How we cite our quotes:
Yet looks he like a king. Behold, his eye,
As bright as is the eagle's, lightens forth
Controlling majesty. (3.3.4)
Despite being trapped by Henry Bolingbroke's men, Richard still looks like a king, to York's eyes anyway. But York importantly mentions that the impression of power is just that – an impression, and a deceptive one. Two lines later, he regrets that "any harm should stain so fair a show!" By using the word show, York is highlighting how insubstantial Richard is and always has been.
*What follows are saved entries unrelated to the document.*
(* Suppose that $G$ is a graph on $[n]$ with $\langle G\rangle_{K_4} = K_n$, and let $1 \leqslant L \leqslant n$. Then there exists a clique $K \subset K_n$ which is internally spanned by $G$, with $L \leqslant v(K) \leqslant 3L$.
   Context: $\langle G\rangle_{K_4}$ is the closure of $G$ under the $K_4$-bootstrap process on $K_n$: repeatedly add any edge which is the only missing edge of some copy of $K_4$. A clique $K \subset K_n$ is internally spanned by $G$ if $\langle G \cap K\rangle_{K_4} = K$, where $G \cap K$ is the set of edges of $G$ with both endpoints in $V(K)$. *)

theory Defs
  imports Main
begin

text \<open>Graphs are sets of edges; an edge is a two-element vertex set.\<close>

definition complete :: "'a set \<Rightarrow> 'a set set" where
  "complete S = {{u, v} | u v. u \<in> S \<and> v \<in> S \<and> u \<noteq> v}"

inductive_set k4_closure :: "'a set set \<Rightarrow> 'a set set" for E :: "'a set set" where
  base: "e \<in> E \<Longrightarrow> e \<in> k4_closure E"
| step: "\<lbrakk> distinct [a, b, c, d];
           {a, c} \<in> k4_closure E; {a, d} \<in> k4_closure E;
           {b, c} \<in> k4_closure E; {b, d} \<in> k4_closure E;
           {c, d} \<in> k4_closure E \<rbrakk> \<Longrightarrow> {a, b} \<in> k4_closure E"

definition restrict_graph :: "'a set set \<Rightarrow> 'a set \<Rightarrow> 'a set set" where
  "restrict_graph G S = {e \<in> G. e \<subseteq> S}"

definition internally_spanned :: "'a set set \<Rightarrow> 'a set \<Rightarrow> bool" where
  "internally_spanned G S \<longleftrightarrow> k4_closure (restrict_graph G S) = complete S"

end

theory Submission
  imports Defs
begin

text \<open>Suppose no vertex set of size between L and 3L spans its clique. Three spanned sets
  that pairwise share a vertex (distinct vertices for distinct pairs) span their union, and
  a union of three sets of size less than L has size at most 3L, hence less than L. By
  induction along the bootstrap process, every edge of the closure therefore lies in a
  spanned set of size less than L. A largest such set misses some vertex v, and merging it
  with the small spanned sets around two of its edges to v produces a larger one, so the
  whole vertex set must have fewer than L elements.\<close>

lemma doubleton_mem_complete_iff:
  "{u, v} \<in> complete X \<longleftrightarrow> u \<in> X \<and> v \<in> X \<and> u \<noteq> v"
  unfolding complete_def by (auto simp: doubleton_eq_iff)

lemma completeE:
  assumes "e \<in> complete X"
  obtains u v where "e = {u, v}" "u \<in> X" "v \<in> X" "u \<noteq> v"
  using assms unfolding complete_def by blast

lemma k4_closure_mono: "E \<subseteq> F \<Longrightarrow> k4_closure E \<subseteq> k4_closure F"
proof
  fix e assume "e \<in> k4_closure E" "E \<subseteq> F"
  then show "e \<in> k4_closure F"
    by (induction rule: k4_closure.induct) (auto intro: k4_closure.intros)
qed

lemma k4_closure_subset_complete: "E \<subseteq> complete S \<Longrightarrow> k4_closure E \<subseteq> complete S"
proof
  fix e assume "e \<in> k4_closure E" "E \<subseteq> complete S"
  then show "e \<in> complete S"
    by (induction rule: k4_closure.induct) (auto simp: doubleton_mem_complete_iff)
qed

lemma complete_Un_subset_k4_closure:
  assumes X: "complete X \<subseteq> k4_closure E" and Y: "complete Y \<subseteq> k4_closure E"
    and "p \<in> X \<inter> Y" "q \<in> X \<inter> Y" "p \<noteq> q"
  shows "complete (X \<union> Y) \<subseteq> k4_closure E"
proof
  fix e assume "e \<in> complete (X \<union> Y)"
  then obtain u v where e: "e = {u, v}" "u \<in> X \<union> Y" "v \<in> X \<union> Y" "u \<noteq> v"
    by (rule completeE)
  have cross: "{x, y} \<in> k4_closure E" if "x \<in> X - Y" "y \<in> Y - X" for x y
  proof -
    have distinct: "distinct [x, y, p, q]" using that assms by auto
    have "{x, p} \<in> complete X" "{x, q} \<in> complete X" "{p, q} \<in> complete X"
      "{y, p} \<in> complete Y" "{y, q} \<in> complete Y"
      using that assms distinct by (auto simp: doubleton_mem_complete_iff)
    then show ?thesis
      using k4_closure.step[OF distinct] X Y by blast
  qed
  show "e \<in> k4_closure E"
  proof (cases "u \<in> X \<and> v \<in> X \<or> u \<in> Y \<and> v \<in> Y")
    case True
    then show ?thesis using e X Y by (auto simp: doubleton_mem_complete_iff)
  next
    case False
    then have "u \<in> X - Y \<and> v \<in> Y - X \<or> v \<in> X - Y \<and> u \<in> Y - X"
      using e by blast
    then show ?thesis using cross e by (metis insert_commute)
  qed
qed

lemma complete_insert_subset_k4_closure:
  assumes X: "complete X \<subseteq> k4_closure E" and "a \<in> X" "c \<in> X" "a \<noteq> c"
    and "{a, d} \<in> k4_closure E" "{c, d} \<in> k4_closure E" "d \<noteq> a" "d \<noteq> c"
  shows "complete (insert d X) \<subseteq> k4_closure E"
proof
  fix e assume "e \<in> complete (insert d X)"
  then obtain u v where e: "e = {u, v}" "u \<in> insert d X" "v \<in> insert d X" "u \<noteq> v"
    by (rule completeE)
  have to_d: "{x, d} \<in> k4_closure E" if "x \<in> X" "x \<noteq> d" for x
  proof (cases "x = a \<or> x = c")
    case True
    then show ?thesis using assms by auto
  next
    case False
    have distinct: "distinct [x, d, a, c]" using False that assms by auto
    have "{x, a} \<in> complete X" "{x, c} \<in> complete X" "{a, c} \<in> complete X"
      using that assms distinct by (auto simp: doubleton_mem_complete_iff)
    moreover have "{d, a} \<in> k4_closure E" "{d, c} \<in> k4_closure E"
      using assms by (auto simp: insert_commute)
    ultimately show ?thesis
      using k4_closure.step[OF distinct] X by blast
  qed
  show "e \<in> k4_closure E"
  proof (cases "u \<in> X \<and> v \<in> X")
    case True
    then show ?thesis using e X by (auto simp: doubleton_mem_complete_iff)
  next
    case False
    then have "u = d \<and> v \<in> X \<or> v = d \<and> u \<in> X" using e by blast
    then show ?thesis using to_d e by (metis insert_commute)
  qed
qed

text \<open>One half of being internally spanned; the other half is automatic as soon as G
  consists of genuine edges.\<close>

definition spans :: "'a set set \<Rightarrow> 'a set \<Rightarrow> bool" where
  "spans G X \<longleftrightarrow> complete X \<subseteq> k4_closure (restrict_graph G X)"

lemma internally_spanned_iff_spans:
  assumes "G \<subseteq> complete V"
  shows "internally_spanned G X \<longleftrightarrow> spans G X"
proof -
  have "restrict_graph G X \<subseteq> complete X"
  proof
    fix e assume "e \<in> restrict_graph G X"
    then have "e \<in> complete V" "e \<subseteq> X" using assms unfolding restrict_graph_def by auto
    then show "e \<in> complete X" by (auto elim!: completeE simp: doubleton_mem_complete_iff)
  qed
  then show ?thesis
    using k4_closure_subset_complete unfolding internally_spanned_def spans_def by blast
qed

lemma spans_doubleton:
  assumes "{u, v} \<in> G"
  shows "spans G {u, v}"
proof -
  have "complete {u, v} \<subseteq> {{u, v}}" unfolding complete_def by auto
  moreover have "{u, v} \<in> restrict_graph G {u, v}"
    using assms unfolding restrict_graph_def by simp
  ultimately show ?thesis
    unfolding spans_def by (auto intro: k4_closure.base)
qed

lemma spans_empty: "spans G {}"
  unfolding spans_def complete_def by simp

lemma spans_singleton: "spans G {x}"
  unfolding spans_def complete_def by simp

lemma complete_subset_k4_closure_if_spans:
  assumes "spans G A" "A \<subseteq> B"
  shows "complete A \<subseteq> k4_closure (restrict_graph G B)"
proof -
  have "restrict_graph G A \<subseteq> restrict_graph G B"
    using assms(2) unfolding restrict_graph_def by auto
  then show ?thesis
    using assms(1) k4_closure_mono unfolding spans_def by blast
qed

text \<open>Three spanned sets arranged like a triangle on the vertices p, q, r span their union:
  the edge qr lets r join A, and the resulting set meets B and then C in an edge.\<close>

lemma spans_Un3:
  assumes A: "spans G A" and B: "spans G B" and C: "spans G C"
    and "distinct [p, q, r]" "p \<in> A" "q \<in> A" "p \<in> B" "r \<in> B" "q \<in> C" "r \<in> C"
  shows "spans G (A \<union> B \<union> C)"
proof -
  let ?H = "k4_closure (restrict_graph G (A \<union> B \<union> C))"
  have hA: "complete A \<subseteq> ?H"
    by (rule complete_subset_k4_closure_if_spans[OF A]) auto
  have hB: "complete B \<subseteq> ?H"
    by (rule complete_subset_k4_closure_if_spans[OF B]) auto
  have hC: "complete C \<subseteq> ?H"
    by (rule complete_subset_k4_closure_if_spans[OF C]) auto
  have pr: "{p, r} \<in> ?H" and qr: "{q, r} \<in> ?H"
    using hB hC assms by (auto simp: doubleton_mem_complete_iff)
  have "complete (insert r A) \<subseteq> ?H"
    by (rule complete_insert_subset_k4_closure[OF hA, of p q r]) (use assms pr qr in auto)
  then have "complete (insert r A \<union> B) \<subseteq> ?H"
    by (rule complete_Un_subset_k4_closure[OF _ hB, where p = p and q = r]) (use assms in auto)
  then have "complete (insert r A \<union> B \<union> C) \<subseteq> ?H"
    by (rule complete_Un_subset_k4_closure[OF _ hC, where p = q and q = r]) (use assms in auto)
  moreover have "insert r A \<union> B \<union> C = A \<union> B \<union> C" using assms by auto
  ultimately show ?thesis unfolding spans_def by simp
qed

locale no_medium_spanned_set =
  fixes G :: "'a set set" and V :: "'a set" and L :: nat
  assumes graph: "G \<subseteq> complete V"
    and finite_V: "finite V"
    and no_medium: "\<And>X. X \<subseteq> V \<Longrightarrow> spans G X \<Longrightarrow> card X \<le> 3 * L \<Longrightarrow> card X < L"
begin

definition small_spanned :: "'a set \<Rightarrow> bool" where
  "small_spanned X \<longleftrightarrow> X \<subseteq> V \<and> spans G X \<and> card X < L"

lemma L_pos: "0 < L"
  using no_medium[of "{}"] by (simp add: spans_empty)

lemma one_less_L:
  assumes "x \<in> V"
  shows "1 < L"
  using no_medium[of "{x}"] assms L_pos by (simp add: spans_singleton)

lemma small_spanned_Un3:
  assumes "small_spanned A" "small_spanned B" "small_spanned C"
    and "distinct [p, q, r]" "p \<in> A" "q \<in> A" "p \<in> B" "r \<in> B" "q \<in> C" "r \<in> C"
  shows "small_spanned (A \<union> B \<union> C)"
proof -
  have "card (A \<union> B \<union> C) \<le> card A + card B + card C"
    by (meson card_Un_le add_le_mono1 le_trans)
  then have "card (A \<union> B \<union> C) \<le> 3 * L"
    using assms unfolding small_spanned_def by linarith
  then show ?thesis
    using assms spans_Un3[of G A B C p q r] no_medium unfolding small_spanned_def by auto
qed

lemma k4_closure_edge_in_small_spanned:
  "e \<in> k4_closure G \<Longrightarrow> \<exists>X. small_spanned X \<and> e \<subseteq> X"
proof (induction rule: k4_closure.induct)
  case (base e)
  then have "e \<in> complete V" using graph by (rule subsetD[rotated])
  then obtain u v where uv: "e = {u, v}" "u \<in> V" "v \<in> V" "u \<noteq> v"
    by (rule completeE)
  then have "e \<subseteq> V" "spans G e" using base spans_doubleton by auto
  moreover have "card e \<le> 3 * L" using uv L_pos by simp
  ultimately have "small_spanned e" using no_medium unfolding small_spanned_def by simp
  then show ?case by blast
next
  case (step a b c d)
  obtain A where A: "small_spanned A" "{a, c} \<subseteq> A" using step.IH(1) by blast
  obtain B where B: "small_spanned B" "{a, d} \<subseteq> B" using step.IH(2) by blast
  obtain C where C: "small_spanned C" "{b, c} \<subseteq> C" using step.IH(3) by blast
  obtain D where D: "small_spanned D" "{b, d} \<subseteq> D" using step.IH(4) by blast
  obtain E where E: "small_spanned E" "{c, d} \<subseteq> E" using step.IH(5) by blast
  have "small_spanned (A \<union> B \<union> E)"
    by (rule small_spanned_Un3[of A B E a c d]) (use A B E step.hyps(1) in simp_all)
  then have "small_spanned (A \<union> B \<union> E \<union> C \<union> D)"
    by (rule small_spanned_Un3[of _ C D c d b]) (use A B C D E step.hyps(1) in auto)
  then show ?case using A C by blast
qed

lemma small_spanned_extend:
  assumes closure: "k4_closure G = complete V"
    and S: "small_spanned S" and "x \<in> S" "y \<in> S" "x \<noteq> y" "v \<in> V - S"
  obtains T where "small_spanned T" "S \<subset> T"
proof -
  have "x \<in> V" "y \<in> V" using S \<open>x \<in> S\<close> \<open>y \<in> S\<close> unfolding small_spanned_def by auto
  then have xv: "{x, v} \<in> k4_closure G" and yv: "{y, v} \<in> k4_closure G"
    using assms by (auto simp: doubleton_mem_complete_iff)
  obtain T1 where T1: "small_spanned T1" "{x, v} \<subseteq> T1"
    using k4_closure_edge_in_small_spanned[OF xv] by blast
  obtain T2 where T2: "small_spanned T2" "{y, v} \<subseteq> T2"
    using k4_closure_edge_in_small_spanned[OF yv] by blast
  have "small_spanned (S \<union> T1 \<union> T2)"
    by (rule small_spanned_Un3[of S T1 T2 x y v]) (use assms T1 T2 in auto)
  moreover have "S \<subset> S \<union> T1 \<union> T2" using assms T1 by auto
  ultimately show thesis by (rule that)
qed

lemma card_less_if_k4_closure_complete:
  assumes closure: "k4_closure G = complete V"
  shows "card V < L"
proof (rule ccontr)
  assume "\<not> card V < L"
  then have L_le: "L \<le> card V" by simp
  have finite: "finite X" if "small_spanned X" for X
    using that finite_V finite_subset unfolding small_spanned_def by blast
  have "V \<noteq> {}" using L_le L_pos by auto
  then have "\<not> card V \<le> Suc 0" using L_le one_less_L by fastforce
  then obtain x y where "x \<in> V" "y \<in> V" "x \<noteq> y"
    using card_le_Suc0_iff_eq[OF finite_V] by blast
  then have "{x, y} \<in> k4_closure G"
    using closure \<open>x \<in> V\<close> by (simp add: doubleton_mem_complete_iff)
  then obtain S0 where S0: "small_spanned S0" "{x, y} \<subseteq> S0"
    using k4_closure_edge_in_small_spanned by blast
  have "\<exists>S. (small_spanned S \<and> {x, y} \<subseteq> S) \<and>
      (\<forall>T. small_spanned T \<and> {x, y} \<subseteq> T \<longrightarrow> card T \<le> card S)"
    by (rule ex_has_greatest_nat[of "\<lambda>X. small_spanned X \<and> {x, y} \<subseteq> X" S0 card L])
      (use S0 in \<open>auto simp: small_spanned_def\<close>)
  then obtain S where S: "small_spanned S" "{x, y} \<subseteq> S"
    and S_max: "\<And>T. small_spanned T \<Longrightarrow> {x, y} \<subseteq> T \<Longrightarrow> card T \<le> card S"
    by blast
  have "\<not> V \<subseteq> S"
  proof
    assume "V \<subseteq> S"
    then have "card V \<le> card S" using card_mono[OF finite[OF S(1)]] by blast
    then show False using L_le S(1) unfolding small_spanned_def by simp
  qed
  then obtain v where "v \<in> V - S" by blast
  moreover have "x \<in> S" "y \<in> S" using S(2) by auto
  ultimately obtain T where T: "small_spanned T" "S \<subset> T"
    using small_spanned_extend[OF closure S(1) _ _ \<open>x \<noteq> y\<close>] by blast
  then have "card S < card T" using psubset_card_mono[OF finite] by blast
  moreover have "card T \<le> card S" using S_max T S(2) by blast
  ultimately show False by simp
qed

end

theorem lemma4p4:
  fixes G :: "nat set set" and n L :: nat
  assumes "G \<subseteq> complete {1..n}"
    and "k4_closure G = complete {1..n}"
    and "1 \<le> L" and "L \<le> n"
  shows "\<exists>S. S \<subseteq> {1..n} \<and> internally_spanned G S \<and> L \<le> card S \<and> card S \<le> 3 * L"
proof (rule ccontr)
  assume no_spanned: "\<not> ?thesis"
  interpret no_medium_spanned_set G "{1..n}" L
  proof
    fix X assume "X \<subseteq> {1..n}" "spans G X" "card X \<le> 3 * L"
    then show "card X < L"
      using no_spanned internally_spanned_iff_spans[OF assms(1)] by (meson not_less)
  qed (use assms(1) in auto)
  have "card {1..n} < L" using assms(2) by (rule card_less_if_k4_closure_complete)
  then show False using assms(4) by simp
qed

end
No deeper wrinkles yet? Hath Sorrow struck
So many blows upon this face of mine
And made no deeper wounds? (4.1.10)
After Richard loses his crown, he looks in a mirror and expects to see that his face has aged as a reflection of his sorrow and grief. This is evidence that Richard constantly confuses surface and substance. Here he confuses his face with his experience. It seems logical to him that his face should have wrinkles to provide evidence of his suffering.
O, flatt'ring glass,
Like to my followers in prosperity,
Thou dost beguile me. (4.1.10)
As he continues to look into a mirror, Richard is surprised to find his face basically unchanged. Feeling that he's been deeply transformed by losing the crown, it troubles him that his face refuses to show his suffering, to provide an honest reflection of his reality. He accuses the glass of "flattering" him, of making him look healthier than he really is – much like his advisers did when he was still in power.